The girls giggled and Scotty acted out an ‘I’m innocent’ routine, and took their picture. After they’d gone he said, ‘Hey, you can see why them schoolgirls got lost, eh, mate? ’S flamin’ packed up here, probably got on the wrong bus home.’

‘Nice one, Scotty,’ I said, giving him the credit he deserved for one of his funnier comments.

We all grouped together and Karin and Andrea snapped away with their big lens cameras, stopping to hand them over to competent-looking tourists who took some of us all. Scotty chewed on leaves and looked stoned, pretending to be the koala; Jim stuck his fingers up behind Scotty’s head. I bought a disposable camera at the Hanging Rock gift shop, the first I had owned since coming to Australia. I once owned an old Russian Zenith, and took pictures of my gran and grandfather leaning out of their flat window; I framed one and gave it to them for Christmas. The Zenith ended up in the pawnshop, along with some other things.

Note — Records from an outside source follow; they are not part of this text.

(* Let $G$ and $H$ be abelian groups, let $T \subset G$ be a tile, and let $\rho : G \to H$ be a surjective homomorphism that is injective on $T$. Let $k,\ell \ge 0$ be integers. If $G^k\times H^\ell$ is $(T^{\times k}, \rho(T)^{\times \ell})$-tilable, then $G^{k+\ell}$ is $T$-tilable.
   Context: A tile in an abelian group is a non-empty subset. Given abelian groups $K_1,\dots,K_r$ and tiles $V_j\subset K_j$, let $\mathsf{V}_j \subset K_1\times\dots\times K_r$ be the set of points whose $j$-th coordinate lies in $V_j$ and whose other coordinates are $0$. A copy of $V_j$ is a translate $\mathsf{V}_j + x$ with $x \in K_1\times\dots\times K_r$. A subset of $K_1\times\dots\times K_r$ is $(V_1,\dots,V_r)$-tilable if it is a disjoint union of copies of $V_1,\dots,V_r$. The notation $V^{\times e}$ stands for $e$ consecutive entries $V,\dots,V$, and "$T$-tilable" for a subset of $G^{e}$ means $(T^{\times e})$-tilable. *)

theory Defs
  imports Main
begin

definition tile :: "'a set \<Rightarrow> bool" where
  "tile T \<longleftrightarrow> T \<noteq> {}"

text \<open>Points of G^n, modelled as functions nat => G vanishing at indices >= n.\<close>
definition pow_space :: "nat \<Rightarrow> (nat \<Rightarrow> 'g::zero) set" where
  "pow_space n = {x. \<forall>i. n \<le> i \<longrightarrow> x i = 0}"

definition single :: "nat \<Rightarrow> 'g::zero \<Rightarrow> nat \<Rightarrow> 'g" where
  "single i t = (\<lambda>m. if m = i then t else 0)"

definition copy_at :: "nat \<Rightarrow> 'g::monoid_add set \<Rightarrow> (nat \<Rightarrow> 'g) \<Rightarrow> (nat \<Rightarrow> 'g) set" where
  "copy_at i V x = {(\<lambda>m. single i t m + x m) | t. t \<in> V}"

definition pow_tilable :: "nat \<Rightarrow> 'g::monoid_add set \<Rightarrow> bool" where
  "pow_tilable n T \<longleftrightarrow>
     (\<exists>\<C>. (\<forall>C\<in>\<C>. \<exists>i<n. \<exists>x\<in>pow_space n. C = copy_at i T x)
         \<and> pairwise disjnt \<C> \<and> \<Union>\<C> = pow_space n)"

definition mixed_tilable :: "nat \<Rightarrow> nat \<Rightarrow> 'g::monoid_add set \<Rightarrow> 'h::monoid_add set \<Rightarrow> bool" where
  "mixed_tilable k l T S \<longleftrightarrow>
     (\<exists>\<C>. (\<forall>C\<in>\<C>.
             (\<exists>i<k. \<exists>x\<in>pow_space k. \<exists>y\<in>pow_space l. C = copy_at i T x \<times> {y})
           \<or> (\<exists>j<l. \<exists>x\<in>pow_space k. \<exists>y\<in>pow_space l. C = {x} \<times> copy_at j S y))
         \<and> pairwise disjnt \<C> \<and> \<Union>\<C> = pow_space k \<times> pow_space l)"

end

theory Submission
  imports Defs "HOL-Library.Disjoint_Sets" "HOL-Library.Function_Algebras" "HOL-Library.Product_Plus"
begin

text \<open>The homomorphism \<open>\<pi> = id\<^sup>k \<times> \<rho>\<^sup>l\<close> maps \<open>G\<^sup>k\<^sup>+\<^sup>l\<close> into \<open>G\<^sup>k \<times> H\<^sup>l\<close>, so the preimages
  of the tiles of the given tiling partition \<open>G\<^sup>k\<^sup>+\<^sup>l\<close>. Every tile is a translate \<open>e(T) + w\<close> of a
  coordinate embedding of \<open>T\<close> (via \<open>\<rho>\<close> for the \<open>H\<close>-coordinates), and \<open>e = \<pi> \<circ> single c\<close> on
  \<open>T\<close> for a suitable coordinate \<open>c\<close>. Hence its preimage is the union of the copies
  \<open>single c (T) + z\<close> over the fibre \<open>z \<in> \<pi>\<^sup>-\<^sup>1(w)\<close>, and these copies are disjoint because \<open>e\<close>
  is injective on \<open>T\<close>, which is where \<open>inj_on \<rho> T\<close> enters.\<close>

definition tiled_by :: "'a set set \<Rightarrow> 'a set \<Rightarrow> bool" where
  "tiled_by \<F> X \<longleftrightarrow> (\<exists>\<C>\<subseteq>\<F>. disjoint \<C> \<and> \<Union>\<C> = X)"

lemma tiled_by_mono:
  assumes "tiled_by \<F> X" and "\<F> \<subseteq> \<G>"
  shows "tiled_by \<G> X"
  using assms unfolding tiled_by_def by (blast intro: subset_trans)

lemma tiled_by_vimage:
  assumes "disjoint \<C>" and "f ` A \<subseteq> \<Union>\<C>"
    and "\<And>C. C \<in> \<C> \<Longrightarrow> tiled_by \<F> (A \<inter> f -` C)"
  shows "tiled_by \<F> A"
proof -
  obtain \<D> where sub: "\<And>C. C \<in> \<C> \<Longrightarrow> \<D> C \<subseteq> \<F>"
    and dis: "\<And>C. C \<in> \<C> \<Longrightarrow> disjoint (\<D> C)"
    and un: "\<And>C. C \<in> \<C> \<Longrightarrow> \<Union>(\<D> C) = A \<inter> f -` C"
    using assms(3) unfolding tiled_by_def by metis
  have "disjoint_family_on (\<lambda>C. \<Union>(\<D> C)) \<C>"
    unfolding disjoint_family_on_def
  proof (intro ballI impI)
    fix C C' assume "C \<in> \<C>" "C' \<in> \<C>" "C \<noteq> C'"
    then have "disjnt C C'"
      by (rule pairwiseD[OF assms(1)])
    then show "\<Union>(\<D> C) \<inter> \<Union>(\<D> C') = {}"
      using un \<open>C \<in> \<C>\<close> \<open>C' \<in> \<C>\<close> by (auto simp: disjnt_def)
  qed
  with dis have "disjoint (\<Union>C\<in>\<C>. \<D> C)"
    by (rule disjoint_UN)
  moreover have "\<Union>(\<Union>C\<in>\<C>. \<D> C) = A"
  proof -
    have "\<Union>(\<Union>C\<in>\<C>. \<D> C) = (\<Union>C\<in>\<C>. \<Union>(\<D> C))"
      by blast
    also have "\<dots> = (\<Union>C\<in>\<C>. A \<inter> f -` C)"
      using un by (intro SUP_cong) auto
    also have "\<dots> = A"
      using assms(2) by blast
    finally show ?thesis .
  qed
  moreover have "(\<Union>C\<in>\<C>. \<D> C) \<subseteq> \<F>"
    using sub by blast
  ultimately show ?thesis
    unfolding tiled_by_def by blast
qed

lemma vimage_translated_image:
  fixes \<phi> :: "'a::ab_group_add \<Rightarrow> 'b::ab_group_add"
  assumes add: "\<And>a b. \<phi> (a + b) = \<phi> a + \<phi> b"
    and e: "\<And>t. t \<in> T \<Longrightarrow> \<phi> (e t) = e' t"
  shows "\<phi> -` ((\<lambda>t. e' t + w) ` T) = (\<Union>z\<in>\<phi> -` {w}. (\<lambda>t. e t + z) ` T)"
proof (intro equalityI subsetI)
  fix p assume "p \<in> \<phi> -` ((\<lambda>t. e' t + w) ` T)"
  then obtain t where t: "t \<in> T" "\<phi> p = e' t + w" by auto
  have "\<phi> (p - e t) = w"
    using add[of "p - e t" "e t"] t e by (simp add: algebra_simps)
  moreover have "p = e t + (p - e t)" by simp
  ultimately show "p \<in> (\<Union>z\<in>\<phi> -` {w}. (\<lambda>t. e t + z) ` T)"
    using t(1) by blast
qed (auto simp: add e)

lemma disjoint_translated_images:
  fixes \<phi> :: "'a::ab_group_add \<Rightarrow> 'b::ab_group_add"
  assumes add: "\<And>a b. \<phi> (a + b) = \<phi> a + \<phi> b"
    and e: "\<And>t. t \<in> T \<Longrightarrow> \<phi> (e t) = e' t" and inj: "inj_on e' T"
  shows "disjoint ((\<lambda>z. (\<lambda>t. e t + z) ` T) ` (\<phi> -` {w}))"
proof (rule pairwise_imageI)
  fix z z' assume z: "z \<in> \<phi> -` {w}" and z': "z' \<in> \<phi> -` {w}"
    and ne: "(\<lambda>t. e t + z) ` T \<noteq> (\<lambda>t. e t + z') ` T"
  show "disjnt ((\<lambda>t. e t + z) ` T) ((\<lambda>t. e t + z') ` T)"
  proof (rule ccontr)
    assume "\<not> ?thesis"
    then obtain t t' where t: "t \<in> T" "t' \<in> T" and eq: "e t + z = e t' + z'"
      by (auto simp: disjnt_def)
    have "e' t + w = e' t' + w"
      using arg_cong[OF eq, of \<phi>] z z' t by (simp add: add e)
    then have "t = t'" using inj t by (simp add: inj_on_eq_iff)
    then show False using eq ne by simp
  qed
qed

lemma tiled_by_translates_vimage:
  fixes \<phi> :: "'a::ab_group_add \<Rightarrow> 'b::ab_group_add"
  assumes add: "\<And>a b. \<phi> (a + b) = \<phi> a + \<phi> b"
    and e: "\<And>t. t \<in> T \<Longrightarrow> \<phi> (e t) = e' t" and inj: "inj_on e' T"
    and closed: "\<And>z t. t \<in> T \<Longrightarrow> e t + z \<in> A \<longleftrightarrow> z \<in> A"
  shows "tiled_by ((\<lambda>z. (\<lambda>t. e t + z) ` T) ` (A \<inter> \<phi> -` {w}))
           (A \<inter> \<phi> -` ((\<lambda>t. e' t + w) ` T))"
  unfolding tiled_by_def
proof (intro exI conjI)
  show "disjoint ((\<lambda>z. (\<lambda>t. e t + z) ` T) ` (A \<inter> \<phi> -` {w}))"
    using disjoint_translated_images[OF add e inj, of w] by (rule pairwise_subset) auto
  have "A \<inter> \<phi> -` ((\<lambda>t. e' t + w) ` T) = A \<inter> (\<Union>z\<in>\<phi> -` {w}. (\<lambda>t. e t + z) ` T)"
    by (simp only: vimage_translated_image[OF add e])
  also have "\<dots> = \<Union>((\<lambda>z. (\<lambda>t. e t + z) ` T) ` (A \<inter> \<phi> -` {w}))"
    using closed by fastforce
  finally show "\<Union>((\<lambda>z. (\<lambda>t. e t + z) ` T) ` (A \<inter> \<phi> -` {w}))
      = A \<inter> \<phi> -` ((\<lambda>t. e' t + w) ` T)"
    by (rule sym)
qed simp

definition copies :: "nat \<Rightarrow> 'g::monoid_add set \<Rightarrow> (nat \<Rightarrow> 'g) set set" where
  "copies n T = (\<Union>i<n. copy_at i T ` pow_space n)"

lemma subset_copies_iff:
  "\<C> \<subseteq> copies n T \<longleftrightarrow> (\<forall>C\<in>\<C>. \<exists>i<n. \<exists>x\<in>pow_space n. C = copy_at i T x)"
  unfolding copies_def subset_iff UN_iff image_iff lessThan_iff Bex_def Ball_def by (rule refl)

lemma pow_tilable_iff_tiled_by: "pow_tilable n T \<longleftrightarrow> tiled_by (copies n T) (pow_space n)"
  unfolding pow_tilable_def tiled_by_def subset_copies_iff by (rule refl)

lemma copy_at_eq_image: "copy_at i V x = (\<lambda>t. single i t + x) ` V"
  unfolding copy_at_def plus_fun_def by (rule Setcompr_eq_image)

lemma single_add_in_pow_space:
  fixes x :: "nat \<Rightarrow> 'g::monoid_add"
  assumes "i < n"
  shows "single i t + x \<in> pow_space n \<longleftrightarrow> x \<in> pow_space n"
  using assms by (auto simp: pow_space_def single_def)

lemma single_eq_single_iff [simp]: "single i s = single i t \<longleftrightarrow> s = t"
  by (metis single_def)

lemma tiled_by_copies_vimage:
  fixes \<phi> :: "(nat \<Rightarrow> 'g::ab_group_add) \<Rightarrow> 'b::ab_group_add"
  assumes "c < n" and add: "\<And>a b. \<phi> (a + b) = \<phi> a + \<phi> b"
    and e: "\<And>t. t \<in> T \<Longrightarrow> \<phi> (single c t) = e' t" and inj: "inj_on e' T"
  shows "tiled_by (copies n T) (pow_space n \<inter> \<phi> -` ((\<lambda>t. e' t + w) ` T))"
proof -
  have tiled: "tiled_by (copy_at c T ` (pow_space n \<inter> \<phi> -` {w}))
      (pow_space n \<inter> \<phi> -` ((\<lambda>t. e' t + w) ` T))"
    unfolding copy_at_eq_image
    using tiled_by_translates_vimage[where e = "single c", OF add e inj]
      single_add_in_pow_space[OF \<open>c < n\<close>] by blast
  have "copy_at c T ` (pow_space n \<inter> \<phi> -` {w}) \<subseteq> copy_at c T ` pow_space n"
    by blast
  also have "\<dots> \<subseteq> copies n T"
    unfolding copies_def using \<open>c < n\<close> by (intro UN_upper) simp
  finally show ?thesis
    by (rule tiled_by_mono[OF tiled])
qed

definition mixed_proj ::
    "nat \<Rightarrow> nat \<Rightarrow> ('g::zero \<Rightarrow> 'h::zero) \<Rightarrow> (nat \<Rightarrow> 'g) \<Rightarrow> (nat \<Rightarrow> 'g) \<times> (nat \<Rightarrow> 'h)"
  where "mixed_proj k l \<rho> p =
    (\<lambda>m. if m < k then p m else 0, \<lambda>m. if m < l then \<rho> (p (k + m)) else 0)"

context
  fixes \<rho> :: "'g::ab_group_add \<Rightarrow> 'h::ab_group_add"
  assumes add: "\<And>a b. \<rho> (a + b) = \<rho> a + \<rho> b"
begin

lemma additive_zero: "\<rho> 0 = 0"
  using add[of 0 0] by simp

lemma mixed_proj_add: "mixed_proj k l \<rho> (p + q) = mixed_proj k l \<rho> p + mixed_proj k l \<rho> q"
  by (auto simp: mixed_proj_def plus_fun_def add)

lemma mixed_proj_single_left: "i < k \<Longrightarrow> mixed_proj k l \<rho> (single i t) = (single i t, 0)"
  by (auto simp: mixed_proj_def single_def additive_zero)

lemma mixed_proj_single_right:
  "j < l \<Longrightarrow> mixed_proj k l \<rho> (single (k + j) t) = (0, single j (\<rho> t))"
  by (auto simp: mixed_proj_def single_def additive_zero)

lemma mixed_proj_pow_space: "mixed_proj k l \<rho> ` pow_space (k + l) \<subseteq> pow_space k \<times> pow_space l"
  by (auto simp: mixed_proj_def pow_space_def additive_zero)

lemma tiled_by_copies_vimage_left_copy:
  assumes "i < k"
  shows "tiled_by (copies (k + l) T)
           (pow_space (k + l) \<inter> mixed_proj k l \<rho> -` (copy_at i T x \<times> {y}))"
proof -
  have "copy_at i T x \<times> {y} = (\<lambda>t. (single i t, 0) + (x, y)) ` T"
    unfolding copy_at_eq_image add_Pair add_0 by blast
  moreover have "tiled_by (copies (k + l) T)
      (pow_space (k + l) \<inter> mixed_proj k l \<rho> -` ((\<lambda>t. (single i t, 0) + (x, y)) ` T))"
  proof (rule tiled_by_copies_vimage[where c = i and e' = "\<lambda>t. (single i t, 0)"])
    show "inj_on (\<lambda>t. (single i t, 0 :: nat \<Rightarrow> 'h)) T"
      by (simp add: inj_on_def)
  qed (simp_all add: assms trans_less_add1 mixed_proj_add mixed_proj_single_left)
  ultimately show ?thesis
    by simp
qed

lemma tiled_by_copies_vimage_right_copy:
  assumes "j < l" and "inj_on \<rho> T"
  shows "tiled_by (copies (k + l) T)
           (pow_space (k + l) \<inter> mixed_proj k l \<rho> -` ({x} \<times> copy_at j (\<rho> ` T) y))"
proof -
  have "{x} \<times> copy_at j (\<rho> ` T) y = (\<lambda>t. (0, single j (\<rho> t)) + (x, y)) ` T"
    unfolding copy_at_eq_image add_Pair add_0 image_image by blast
  moreover have "tiled_by (copies (k + l) T)
      (pow_space (k + l) \<inter> mixed_proj k l \<rho> -` ((\<lambda>t. (0, single j (\<rho> t)) + (x, y)) ` T))"
  proof (rule tiled_by_copies_vimage[where c = "k + j" and e' = "\<lambda>t. (0, single j (\<rho> t))"])
    show "inj_on (\<lambda>t. (0 :: nat \<Rightarrow> 'g, single j (\<rho> t))) T"
      using assms(2) by (simp add: inj_on_def)
  qed (simp_all add: assms(1) mixed_proj_add mixed_proj_single_right)
  ultimately show ?thesis
    by simp
qed

end

theorem corollary18:
  fixes T :: "'g::ab_group_add set" and \<rho> :: "'g \<Rightarrow> 'h::ab_group_add"
    and k l :: nat
  assumes "tile T"
    and "\<And>a b. \<rho> (a + b) = \<rho> a + \<rho> b"
    and "surj \<rho>"
    and "inj_on \<rho> T"
    and "mixed_tilable k l T (\<rho> ` T)"
  shows "pow_tilable (k + l) T"
proof -
  obtain \<C> where tiles: "\<forall>C\<in>\<C>.
             (\<exists>i<k. \<exists>x\<in>pow_space k. \<exists>y\<in>pow_space l. C = copy_at i T x \<times> {y})
           \<or> (\<exists>j<l. \<exists>x\<in>pow_space k. \<exists>y\<in>pow_space l. C = {x} \<times> copy_at j (\<rho> ` T) y)"
    and "disjoint \<C>" and cover: "\<Union>\<C> = pow_space k \<times> pow_space l"
    using assms(5) unfolding mixed_tilable_def by blast
  have "tiled_by (copies (k + l) T) (pow_space (k + l))"
  proof (rule tiled_by_vimage[OF \<open>disjoint \<C>\<close>])
    show "mixed_proj k l \<rho> ` pow_space (k + l) \<subseteq> \<Union>\<C>"
      unfolding cover using assms(2) by (rule mixed_proj_pow_space)
    show "tiled_by (copies (k + l) T) (pow_space (k + l) \<inter> mixed_proj k l \<rho> -` C)"
      if "C \<in> \<C>" for C
      using tiles[rule_format, OF that]
      by (elim disjE exE conjE bexE)
        (simp_all add: tiled_by_copies_vimage_left_copy[OF assms(2)]
          tiled_by_copies_vimage_right_copy[OF assms(2) _ assms(4)])
  qed
  then show ?thesis
    by (simp add: pow_tilable_iff_tiled_by)
qed

end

The gift shop sold picnic baskets, and tablecloths with maps of the area emblazoned on them. The Danish bought tea towels for their mothers; Jim bought more postcards, which he was always writing in the evenings and posting off in the mornings. As I took my first picture of us, the marker on my camera moved to thirty-five, and I wondered if perhaps the last few exposures in the film would contain pictures of my real mother.

After a while we wandered around the actual site itself. Jim told us it was sacred and belonged to the Aborigines, and that the film
Picnic At Hanging Rock
was based on a novel. I
berated
myself for not keeping up the notebook entries that I had been writing quite frequently when I first arrived in Sydney. I had only written a couple of pages in the last month, and it was unreadable because I’d been drunk at the time.

I looked at my watch; it was only a couple of hours before I would speak to Hank. I was tired and my eyes were stinging from not enough sleep. I was keen to get back to the Kingswood and get my head down until five.

Soon after Hanging Rock, we stopped for gas. Jim spoke to the owner about routes and laid out the map on the car roof. The rest of us used the toilets and bought some gum. In the shop, I got talking to the lady behind the counter. She asked us where we were heading.

‘The Gold Coast. Brisbane,’ I said.

‘You’ll be passing Glenairdane Creek, then?’ She smiled, her sunbeaten face all lined and scrunched up. I shrugged. ‘You have to be – you heading back to the coast road?’

‘Yeah, think so, think we’re going to Port Macquarie.’ I thought about trying to sell to her, which would have been so impressive in the circumstances, but I was so hot and without a beer I didn’t feel geared up enough. It was an after-dark thing with me, definitely. I had sold in the afternoons but in the evenings the art had really shifted.

‘Listen, when you head off to the coast road, at the end there, there’s a sign for Glenairdane Creek. You have to tell your friends to go there, everybody does that passes through, it’s beautiful.’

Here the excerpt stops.